String matching-2

2.Rabin Karp algorithm

The Rabin-Karp algorithm is a string searching algorithm that uses hashing to find a substring in a text.in this algorithm if two strings are equal, their hash values are also equal.
lets discuss using a example

T[ ] = a b c d a a d e d a
P[ ] = a a d

 Σ = alphabet 

 Σ = {a, b, c, d, e }

a = 1                            prime = 3
b = 2
c = 3
d = 4
e = 5

P[ ] hash value  = 1 + 1x(3^1) + 4x(3^2)
                        =  40

now considering hash values of the text


  • first 3 items
        a b c d a a d e d a

        {a b c} = 1 + 2x(3^1) + 3x(3^2)
                   = 34

hash values does not match

shift by one and consider next 3 items

{b c d} = 2 + 3x3 +4x9
           = 47

hash does not match


there is a easy way to fined hashes after finding first one

old hash   = v
new hash = n
last index of the pattern = l
value new comparing texts last item = u
value old texts first item =w
prime = p


n = (v - w)/p + u(p^l)

{c d a} = (47-2) +1(3^2)
                 3

           = 24

hashes does not match

{ d a a} = 24-3  + 1x9
                 3
            = 16

hashes does not match

{ a a d} = 16-4 + 4x9
                 3
            =  40

now hash values of the text and pattern matches.


pseudo code

// correctly calculates a mod b even if a < 0
function int_mod(int a, int b)
{
  return (a % b + b) % b;
}

function Rabin_Karp(text[], pattern[])
{
  // let n be the size of the text, m the size of the
  // pattern, B - the base of the numeral system,
  // and M - a big enough prime number

  if(n < m) return; // no match is possible

  // calculate the hash value of the pattern
  hp = 0;
  for(i = 0; i < m; i++)
    hp = int_mod(hp * B + pattern[i], M);

  // calculate the hash value of the first segment
  // of the text of length m
  ht = 0;
  for(i = 0; i < m; i++)
    ht = int_mod(ht * B + text[i], M);

  if(ht == hp) check character by character if the first
               segment of the text matches the pattern;

  // start the "rolling hash" - for every next character in
  // the text calculate the hash value of the new segment
  // of length m; E = (Bm-1) modulo M         
  for(i = m; i < n; i++) {
    ht = int_mod(ht - int_mod(text[i - m] * E, M), M);
    ht = int_mod(ht * B, M);
    ht = int_mod(ht + text[i], M);

    if(ht == hp) check character by character if the
                 current segment of the text matches
                 the pattern;
  }
}

Implementation in python

class RollingHash:
    def __init__(self, text, sizeWord):
        self.text = text
        self.hash = 0
        self.sizeWord = sizeWord

        for i in range(0, sizeWord):
            #ord maps the character to a number
            #subtract out the ASCII value of "a" to start the indexing at zero
            self.hash += (ord(self.text[i]) - ord("a")+1)*(26**(sizeWord - i -1))
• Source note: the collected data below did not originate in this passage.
(* Consider the single-armed lazy restless bandit described in the context with fixed subsidy $\eta$ and $p_{0,0}<p_{1,0}$, and let $b=\min\left\{1,\frac{R_1-R_0}{\rho_1-\rho_0}\right\}$. Then $\pi\mapsto V_S(\pi)-V_{NS}(\pi)$ is decreasing on $[0,1]$ under either of the following conditions: (1) for any $K>1$, when $0<p_{1,0}-p_{0,0}<b/5$ and $\beta\in(0,1)$; (2) for any $K>1$, when $\beta\in(0,b/5)$.
   Context: Single-armed lazy restless bandit: an arm has a hidden state in $\{0,1\}$ evolving as a two-state Markov chain with transition probabilities $p_{i,j}$ ($p_{i,0}+p_{i,1}=1$). During each session the chain makes exactly $K\ge1$ transitions. In each session the decision maker plays the arm or not. If played with the arm in state $i$ at session start, an ACK is received with probability $\rho_i\in[0,1]$ and the expected reward is $R_i$; if not played, subsidy $\eta$ is received and nothing observed. Discount $\beta\in(0,1)$. Standing assumptions: $\rho_0<\rho_1$, $R_0<R_1$. Belief $\pi\in[0,1]$ = probability of state $0$. $R_S(\pi)=\pi R_0+(1-\pi)R_1$, $\rho(\pi)=\pi\rho_0+(1-\pi)\rho_1$, $\gamma_1(\pi)=\frac{(1-\pi)\rho_1p_{1,0}+\pi\rho_0p_{0,0}}{\rho_1(1-\pi)+\rho_0\pi}$, $\gamma_0(\pi)=\frac{(1-\pi)(1-\rho_1)p_{1,0}+\pi(1-\rho_0)p_{0,0}}{(1-\rho_1)(1-\pi)+(1-\rho_0)\pi}$, $\gamma_2(\pi)=(p_{0,0}-p_{1,0})^K\pi+p_{1,0}\sum_{j=0}^{K-1}(p_{0,0}-p_{1,0})^j$. $V_S,V_{NS},V$ are the unique bounded solution of $V_S(\pi)=R_S(\pi)+\beta\big(\rho(\pi)V(\gamma_1(\pi))+(1-\rho(\pi))V(\gamma_0(\pi))\big)$, $V_{NS}(\pi)=\eta+\beta V(\gamma_2(\pi))$, $V(\pi)=\max\{V_S(\pi),V_{NS}(\pi)\}$ (a term with zero coefficient is taken to be $0$). *)

theory Defs
  imports "HOL-Analysis.Analysis"
begin

text \<open>Belief pi = probability of state 0.
  Parameters: p00 = p_{0,0}, p10 = p_{1,0} (so p_{0,1} = 1 - p00, p_{1,1} = 1 - p10),
  rho0, rho1 (ACK probabilities), R0, R1 (rewards), K (transitions per session).\<close>

definition R_S :: "real \<Rightarrow> real \<Rightarrow> real \<Rightarrow> real" where
  "R_S R0 R1 \<pi> = \<pi> * R0 + (1 - \<pi>) * R1"

definition rho :: "real \<Rightarrow> real \<Rightarrow> real \<Rightarrow> real" where
  "rho \<rho>0 \<rho>1 \<pi> = \<pi> * \<rho>0 + (1 - \<pi>) * \<rho>1"

definition gamma1 :: "real \<Rightarrow> real \<Rightarrow> real \<Rightarrow> real \<Rightarrow> real \<Rightarrow> real" where
  "gamma1 p00 p10 \<rho>0 \<rho>1 \<pi> =
     ((1 - \<pi>) * \<rho>1 * p10 + \<pi> * \<rho>0 * p00) / (\<rho>1 * (1 - \<pi>) + \<rho>0 * \<pi>)"

definition gamma0 :: "real \<Rightarrow> real \<Rightarrow> real \<Rightarrow> real \<Rightarrow> real \<Rightarrow> real" where
  "gamma0 p00 p10 \<rho>0 \<rho>1 \<pi> =
     ((1 - \<pi>) * (1 - \<rho>1) * p10 + \<pi> * (1 - \<rho>0) * p00) /
     ((1 - \<rho>1) * (1 - \<pi>) + (1 - \<rho>0) * \<pi>)"

definition gamma2 :: "real \<Rightarrow> real \<Rightarrow> nat \<Rightarrow> real \<Rightarrow> real" where
  "gamma2 p00 p10 K \<pi> = (p00 - p10) ^ K * \<pi> + p10 * (\<Sum>j<K. (p00 - p10) ^ j)"

text \<open>(VS, VNS, V) is a bounded solution on [0,1] of the Bellman equations.
  A term with zero coefficient contributes 0 automatically, since it is multiplied by 0.\<close>

definition bandit_solution ::
  "real \<Rightarrow> real \<Rightarrow> real \<Rightarrow> real \<Rightarrow> real \<Rightarrow> real \<Rightarrow> real \<Rightarrow> real \<Rightarrow> nat \<Rightarrow>
   (real \<Rightarrow> real) \<Rightarrow> (real \<Rightarrow> real) \<Rightarrow> (real \<Rightarrow> real) \<Rightarrow> bool" where
  "bandit_solution p00 p10 \<rho>0 \<rho>1 R0 R1 \<eta> \<beta> K VS VNS V \<longleftrightarrow>
     bounded (VS ` {0..1}) \<and> bounded (VNS ` {0..1}) \<and> bounded (V ` {0..1}) \<and>
     (\<forall>\<pi>\<in>{0..1}.
        VS \<pi> = R_S R0 R1 \<pi> + \<beta> * (rho \<rho>0 \<rho>1 \<pi> * V (gamma1 p00 p10 \<rho>0 \<rho>1 \<pi>)
                 + (1 - rho \<rho>0 \<rho>1 \<pi>) * V (gamma0 p00 p10 \<rho>0 \<rho>1 \<pi>)) \<and>
        VNS \<pi> = \<eta> + \<beta> * V (gamma2 p00 p10 K \<pi>) \<and>
        V \<pi> = max (VS \<pi>) (VNS \<pi>))"

end

theory Submission
  imports Defs
begin

(*
  The value function V is Lipschitz on [0,1] with constant C = (R1 - R0) / (1 - beta delta),
  where delta = p10 - p00.  Playing at beliefs x <= y, the posteriors after ACK and NACK can be
  coupled so that every matched pair is ordered and the transported distance is the difference
  of the expected next beliefs, delta (y - x); not playing moves beliefs by delta^K |x - y|.
  Hence one Bellman step turns a bound C |x - y| + e on the oscillation of V into C |x - y| + beta e,
  and iterating from the crude bound 2 sup |V| gives the Lipschitz bound.  With it, raising the
  belief lowers VS at rate at least R1 - R0 - beta delta C and raises VNS at rate at most
  beta delta C, so VS - VNS decreases as soon as 3 beta delta <= 1; either hypothesis of the
  theorem gives beta delta < 1/5.
*)

definition lipschitz_upto :: "real \<Rightarrow> real \<Rightarrow> (real \<Rightarrow> real) \<Rightarrow> bool" where
  "lipschitz_upto C e f \<longleftrightarrow> (\<forall>u\<in>{0..1}. \<forall>v\<in>{0..1}. \<bar>f u - f v\<bar> \<le> C * \<bar>u - v\<bar> + e)"

lemma lipschitz_uptoI:
  "(\<And>u v. u \<in> {0..1} \<Longrightarrow> v \<in> {0..1} \<Longrightarrow> \<bar>f u - f v\<bar> \<le> C * \<bar>u - v\<bar> + e) \<Longrightarrow> lipschitz_upto C e f"
  unfolding lipschitz_upto_def by blast

lemma lipschitz_uptoD:
  "lipschitz_upto C e f \<Longrightarrow> u \<in> {0..1} \<Longrightarrow> v \<in> {0..1} \<Longrightarrow> \<bar>f u - f v\<bar> \<le> C * \<bar>u - v\<bar> + e"
  unfolding lipschitz_upto_def by blast

lemma le_of_le_plus_power:
  fixes a b \<beta> M :: real
  assumes le: "\<And>n. a \<le> b + \<beta> ^ n * M" and "0 \<le> \<beta>" "\<beta> < 1"
  shows "a \<le> b"
proof -
  have "(\<lambda>n. b + \<beta> ^ n * M) \<longlonglongrightarrow> b + 0 * M"
    using assms by (intro tendsto_intros LIMSEQ_power_zero) auto
  then show ?thesis
    using le by (intro LIMSEQ_le_const) auto
qed

lemma lipschitz_upto_limit:
  assumes "\<And>n. lipschitz_upto C (\<beta> ^ n * M) f" and "0 \<le> \<beta>" "\<beta> < 1"
  shows "lipschitz_upto C 0 f"
proof (rule lipschitz_uptoI)
  fix u v :: real
  assume u: "u \<in> {0..1}" and v: "v \<in> {0..1}"
  have "\<bar>f u - f v\<bar> \<le> C * \<bar>u - v\<bar>"
    by (rule le_of_le_plus_power[OF lipschitz_uptoD[OF assms(1) u v] assms(2,3)])
  then show "\<bar>f u - f v\<bar> \<le> C * \<bar>u - v\<bar> + 0"
    by simp
qed

lemma lipschitz_upto_max:
  assumes "lipschitz_upto C e f" "lipschitz_upto C e g"
    and "\<forall>x\<in>{0..1}. h x = max (f x) (g x)"
  shows "lipschitz_upto C e h"
  using assms unfolding lipschitz_upto_def by (fastforce simp: max_def abs_le_iff)

lemma lipschitz_upto_mono:
  assumes "lipschitz_upto C e f" "C \<le> C'"
  shows "lipschitz_upto C' e f"
proof (rule lipschitz_uptoI)
  fix u v :: real
  assume "u \<in> {0..1}" "v \<in> {0..1}"
  then have "\<bar>f u - f v\<bar> \<le> C * \<bar>u - v\<bar> + e"
    by (rule lipschitz_uptoD[OF assms(1)])
  moreover have "C * \<bar>u - v\<bar> \<le> C' * \<bar>u - v\<bar>"
    using assms(2) by (simp add: mult_right_mono)
  ultimately show "\<bar>f u - f v\<bar> \<le> C' * \<bar>u - v\<bar> + e"
    by linarith
qed

lemma lipschitz_upto_bounded:
  assumes "\<forall>u\<in>{0..1}. \<bar>f u\<bar> \<le> M" "0 \<le> C"
  shows "lipschitz_upto C (2 * M) f"
proof (rule lipschitz_uptoI)
  fix u v :: real
  assume "u \<in> {0..1}" "v \<in> {0..1}"
  then have "\<bar>f u\<bar> \<le> M" "\<bar>f v\<bar> \<le> M"
    using assms(1) by auto
  then have "\<bar>f u - f v\<bar> \<le> 2 * M"
    using abs_triangle_ineq4[of "f u" "f v"] by linarith
  moreover have "0 \<le> C * \<bar>u - v\<bar>"
    using assms(2) by simp
  ultimately show "\<bar>f u - f v\<bar> \<le> C * \<bar>u - v\<bar> + 2 * M"
    by linarith
qed

lemma lipschitz_upto_scaled_diff:
  assumes "lipschitz_upto C e f" "0 \<le> C" "a \<in> {0..1}" "b \<in> {0..1}" "0 \<le> c" "0 \<le> c * (a - b)"
  shows "\<bar>c * (f a - f b)\<bar> \<le> C * (c * (a - b)) + c * e"
proof -
  have "\<bar>c * (f a - f b)\<bar> = c * \<bar>f a - f b\<bar>"
    using \<open>0 \<le> c\<close> by (simp add: abs_mult)
  also have "\<dots> \<le> c * (C * \<bar>a - b\<bar> + e)"
    using assms lipschitz_uptoD by (intro mult_left_mono) auto
  also have "\<dots> = C * (c * \<bar>a - b\<bar>) + c * e"
    by (simp add: algebra_simps)
  also have "c * \<bar>a - b\<bar> = c * (a - b)"
    using \<open>0 \<le> c\<close> \<open>0 \<le> c * (a - b)\<close> by (metis abs_mult abs_of_nonneg)
  finally show ?thesis .
qed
        #start index of current window
        self.window_start = 0
        #end of index window
        self.window_end = sizeWord

    def move_window(self):
        if self.window_end <= len(self.text) - 1:
            #remove left letter from hash value
            self.hash -= (ord(self.text[self.window_start]) - ord("a")+1)*26**(self.sizeWord-1)
            self.hash *= 26
            self.hash += ord(self.text[self.window_end])- ord("a")+1
            self.window_start += 1
            self.window_end += 1

    def window_text(self):
        return self.text[self.window_start:self.window_end]
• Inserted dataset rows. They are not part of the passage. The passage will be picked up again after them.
text \<open>Metric dual (flat) w.r.t. the correlator metric: the correlator metric is the
  inner product on E_x dual to the inner product C_{x,x} on E_x^*; the flat map is
  the inverse of the sharp map u \<mapsto> C_{x,x}(u,-) (i.e. K x x *v u).\<close>
definition corr_flat :: "('p \<Rightarrow> 'p \<Rightarrow> real^'r^'r) \<Rightarrow> 'p \<Rightarrow> real^'r \<Rightarrow> real^'r" where
  "corr_flat K x v = matrix_inv (K x x) *v v"

definition corr_metric :: "('p \<Rightarrow> 'p \<Rightarrow> real^'r^'r) \<Rightarrow> 'p \<Rightarrow> real^'r \<Rightarrow> real^'r \<Rightarrow> real" where
  "corr_metric K x v w = corr_form K x x (corr_flat K x v) (corr_flat K x w)"

definition tunneling :: "('p \<Rightarrow> 'p \<Rightarrow> real^'r^'r) \<Rightarrow> 'p \<Rightarrow> 'p \<Rightarrow> real^'r^'r" where
  "tunneling K x y = (THE T. \<forall>u v. u \<bullet> (T *v v) = corr_form K x y u (corr_flat K y v))"

text \<open>A local frame e of E|_O, given as the matrix whose column \<alpha> holds the
  coefficients of e_\<alpha>(x); orthonormal for the correlator metric.\<close>
definition orthonormal_frame_on :: "'p::real_normed_vector set \<Rightarrow> ('p \<Rightarrow> 'p \<Rightarrow> real^'r^'r) \<Rightarrow> ('p \<Rightarrow> real^'r^'r) \<Rightarrow> bool" where
  "orthonormal_frame_on U K e \<longleftrightarrow>
     smooth_on U e \<and>
     (\<forall>x\<in>U. invertible (e x) \<and>
        (\<forall>\<alpha> \<beta>. corr_metric K x (column \<alpha> (e x)) (column \<beta> (e x)) = (if \<alpha> = \<beta> then 1 else 0)))"

definition frame_tunneling :: "('p \<Rightarrow> 'p \<Rightarrow> real^'r^'r) \<Rightarrow> ('p \<Rightarrow> real^'r^'r) \<Rightarrow> 'p \<Rightarrow> 'p \<Rightarrow> real^'r^'r" where
  "frame_tunneling K e x y = matrix_inv (e x) ** tunneling K x y ** e y"

end

theory Submission
  imports Defs
begin

(* In the local model the correlator is a matrix kernel K(x,y), the tunneling map is
   T_{x,y} = K(x,y) K(y,y)^-1, and orthonormality of the frame e means K(x,x) = e(x) e(x)^T.
   Hence T(e)_{x,y} = e(x)^-1 K(x,y) e(y)^-T =: Q(x,y), and Q satisfies Q(x,x) = 1 and
   Q(x,y)^T = Q(y,x).  Differentiating the first identity along the diagonal shows that the two
   partial derivatives of Q at (y,y) add up to zero; the second identity shows that they are
   transposes of each other.  So each partial derivative is skew-symmetric. *)

lemma matrix_inv_inverse:
  fixes A :: "real^'n^'n"
  assumes "invertible A"
  shows "A ** matrix_inv A = mat 1" "matrix_inv A ** A = mat 1"
  using someI_ex[OF assms[unfolded invertible_def]] unfolding matrix_inv_def by auto

lemma matrix_diff_ldistrib: "(A::real^'n^'m) ** (B - C) = A ** B - A ** C"
  by (vector matrix_matrix_mult_def sum_subtractf[symmetric] field_simps)

lemma matrix_diff_rdistrib: "((A::real^'n^'m) - B) ** C = A ** C - B ** C"
  by (vector matrix_matrix_mult_def sum_subtractf[symmetric] field_simps)

lemma matrix_add_rdistrib: "((A::real^'n^'m) + B) ** C = A ** C + B ** C"
  by (vector matrix_matrix_mult_def sum.distrib[symmetric] field_simps)

lemma bounded_bilinear_matrix_mult:
  "bounded_bilinear ((**) :: real^'n^'m \<Rightarrow> real^'p^'n \<Rightarrow> real^'p^'m)"
  unfolding bilinear_conv_bounded_bilinear[symmetric] bilinear_def
  by (auto intro!: linearI simp: matrix_add_ldistrib matrix_add_rdistrib matrix_scalar_ac scalar_matrix_assoc)

lemma bounded_linear_transpose: "bounded_linear (transpose :: real^'n^'m \<Rightarrow> real^'m^'n)"
  unfolding linear_conv_bounded_linear[symmetric]
  by (auto intro!: linearI simp: transpose_def vec_eq_iff)

lemma matrix_entry_as_form: "(M::real^'n^'m) $ i $ j = axis i 1 \<bullet> (M *v axis j 1)"
  by (simp add: matrix_vector_mult_basis column_def inner_axis')

lemma matrix_eq_if_forms_eq:
  fixes T T' :: "real^'n^'m"
  assumes "\<And>u v. u \<bullet> (T *v v) = u \<bullet> (T' *v v)"
  shows "T = T'"
  by (simp add: vec_eq_iff matrix_entry_as_form[of T] matrix_entry_as_form[of T'] assms)

lemma matrix_eq_transpose_if_forms_swap:
  fixes A B :: "real^'n^'n"
  assumes "\<And>u w. u \<bullet> (A *v w) = w \<bullet> (B *v u)"
  shows "A = transpose B"
  by (simp add: vec_eq_iff transpose_def matrix_entry_as_form[of A] matrix_entry_as_form[of B] assms)

lemma invertible_if_positive_definite:
  fixes G :: "real^'n^'n"
  assumes "\<And>u. u \<noteq> 0 \<Longrightarrow> 0 < u \<bullet> (G *v u)"
  shows "invertible G"
proof -
  have "inj ((*v) G)"
  proof (rule injI)
    fix a b assume "G *v a = G *v b"
    then have "G *v (a - b) = 0" by (simp add: matrix_vector_mult_diff_distrib)
    then show "a = b" using assms[of "a - b"] by fastforce
  qed
  then obtain B where "B ** G = mat 1" using matrix_left_invertible_injective by blast
  then show ?thesis unfolding invertible_def using matrix_left_right_inverse by blast
qed

lemma gram_factorisation:
  fixes G E :: "real^'n^'n"
  assumes "invertible G" "invertible E"
    and orthonormal: "transpose E ** matrix_inv G ** E = mat 1"
  shows "G = E ** transpose E"
proof -
  let ?Gi = "matrix_inv G" and ?Ei = "matrix_inv E"
  have transpose_inverse: "transpose ?Ei ** transpose E = mat 1"
    by (metis matrix_transpose_mul matrix_inv_inverse(1)[OF assms(2)] transpose_mat)
  have "?Gi = (transpose ?Ei ** transpose E) ** ?Gi ** (E ** ?Ei)"
    by (simp add: transpose_inverse matrix_inv_inverse[OF assms(2)])
  also have "\<dots> = transpose ?Ei ** (transpose E ** ?Gi ** E) ** ?Ei"
    by (simp add: matrix_mul_assoc)
  also have "\<dots> = transpose ?Ei ** ?Ei"
    by (simp add: orthonormal)
  finally have Gi: "?Gi = transpose ?Ei ** ?Ei" .
  have "E ** transpose E = G ** ?Gi ** E ** transpose E"
    by (simp add: matrix_inv_inverse[OF assms(1)])
  also have "\<dots> = G ** transpose ?Ei ** (?Ei ** E) ** transpose E"
    by (simp add: Gi matrix_mul_assoc)
  also have "\<dots> = G ** (transpose ?Ei ** transpose E)"
    by (simp add: matrix_inv_inverse[OF assms(2)] matrix_mul_assoc)
  also have "\<dots> = G" by (simp add: transpose_inverse)
  finally show ?thesis by simp
qed

(* The determinant depends continuously on the matrix (it is a polynomial in the entries). *)
lemma isCont_det:
  fixes f :: "'a::t2_space \<Rightarrow> real^'n^'n"
  assumes "isCont f x"
  shows "isCont (\<lambda>y. det (f y)) x"
  unfolding det_def by (intro continuous_intros isCont_vec_nth assms)

lemma matrix_inv_entry_cramer:
  fixes A :: "real^'n^'n"
  assumes "invertible A"
  shows "matrix_inv A $ i $ j = det (\<chi> a b. if b = i then axis j 1 $ a else A $ a $ b) / det A"
proof -
  have "A *v (matrix_inv A *v axis j 1) = axis j 1"
    by (simp add: matrix_vector_mul_assoc matrix_inv_inverse[OF assms])
  with cramer[of A] assms have "matrix_inv A *v axis j 1 =
      (\<chi> k. det (\<chi> a b. if b = k then axis j 1 $ a else A $ a $ b) / det A)"
    using invertible_det_nz by blast
  moreover have "(matrix_inv A *v axis j 1) $ i = matrix_inv A $ i $ j"
    by (simp add: matrix_vector_mult_basis column_def)
  ultimately show ?thesis by simp
qed

lemma eventually_invertible:
  fixes A :: "real^'n^'n"
  assumes "invertible A"
  shows "eventually invertible (nhds A)"
proof -
  have "open {X :: real^'n^'n. det X \<noteq> 0}"
    by (intro open_Collect_neq continuous_at_imp_continuous_on ballI isCont_det continuous_intros)
  with assms show ?thesis
    unfolding eventually_nhds invertible_det_nz by blast
qed

(* Matrix inversion is continuous at invertible matrices, by Cramer's rule. *)
lemma isCont_matrix_inv:
  fixes A :: "real^'n^'n"
  assumes "invertible A"
  shows "isCont matrix_inv A"
  unfolding isCont_def
proof (intro vec_tendstoI)
  fix i j
  let ?cramer = "\<lambda>X::real^'n^'n. det (\<chi> a b. if b = i then axis j 1 $ a else X $ a $ b) / det X"
  have "isCont (\<lambda>X::real^'n^'n. \<chi> a b. if b = i then axis j 1 $ a else X $ a $ b) A"
    unfolding isCont_def
    by (intro tendsto_vec_lambda) (auto intro!: tendsto_vec_nth tendsto_ident_at)
  then have "isCont ?cramer A"
    using assms by (intro continuous_intros isCont_det) (auto simp: invertible_det_nz)
  moreover have "eventually (\<lambda>X. ?cramer X = matrix_inv X $ i $ j) (nhds A)"
    using eventually_invertible[OF assms] by eventually_elim (simp add: matrix_inv_entry_cramer)
  ultimately show "((\<lambda>X. matrix_inv X $ i $ j) \<longlongrightarrow> matrix_inv A $ i $ j) (at A)"
    unfolding isCont_def using matrix_inv_entry_cramer[OF assms]
    by (auto intro: Lim_transform_eventually eventually_at_filter[THEN iffD2] simp: eventually_nhds_conv_at)
qed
def rabin_karp(word, text):
    if word == "" or text == "":
        return None
    if len(word) > len(text):
        return None

    rolling_hash = RollingHash(text, len(word))
    word_hash = RollingHash(word, len(word))
    #word_hash.move_window()

    for i in range(len(text) - len(word) + 1):
        if rolling_hash.hash == word_hash.hash:
            if rolling_hash.window_text() == word:
                return i
        rolling_hash.move_window()
    return None

#print rabin_karp("a", "abcdefgh")
#print rabin_karp("d", "abcdefgh")
#print rabin_karp("cupcakes", "balloonsandcupcakes")


Implementation in c 

#include<stdio.h>
#include<string.h>
// d is the number of characters in input alphabet
#define d 256
/* pat -> pattern
    txt -> text
    q -> A prime number
*/
void search(char pat[], char txt[], int q)
{
    int M = strlen(pat);
    int N = strlen(txt);
    int i, j;
    int p = 0; // hash value for pattern
    int t = 0; // hash value for txt
    int h = 1;
    // The value of h would be "pow(d, M-1)%q"
    for (i = 0; i < M-1; i++)
        h = (h*d)%q;
    // Calculate the hash value of pattern and first
    // window of text
    for (i = 0; i < M; i++)
    {
        p = (d*p + pat[i])%q;
        t = (d*t + txt[i])%q;
    }
    // Slide the pattern over text one by one
    for (i = 0; i <= N - M; i++)
    {
        // Check the hash values of current window of text
        // and pattern. If the hash values match then only
        // check for characters on by one
        if ( p == t )
        {
            /* Check for characters one by one */
            for (j = 0; j < M; j++)
            {
                if (txt[i+j] != pat[j])
                    break;
            }
            // if p == t and pat[0...M-1] = txt[i, i+1, ...i+M-1]
            if (j == M)
                printf("Pattern found at index %d \n", i);
        }
        // Calculate hash value for next window of text: Remove
        // leading digit, add trailing digit
        if ( i < N-M )
        {
            t = (d*(t - txt[i]*h) + txt[i+M])%q;
            // We might get negative value of t, converting it
            // to positive
            if (t < 0)
            t = (t + q);
        }
    }
}
/* Driver program to test above function */
int main()
{
    char txt[] = "sritechviews";
    char pat[] = "chvi";
    int q = 101; // A prime number
    search(pat, txt, q);
    return 0;
}

Time complexity

in worst case :- O( mn )
in best case   :- O( n+m )

String matching-1

String matching

Introduction 

String matching is used to fined a pattern inside a text. The pattern and text should always be like this, |text| > |pattern| .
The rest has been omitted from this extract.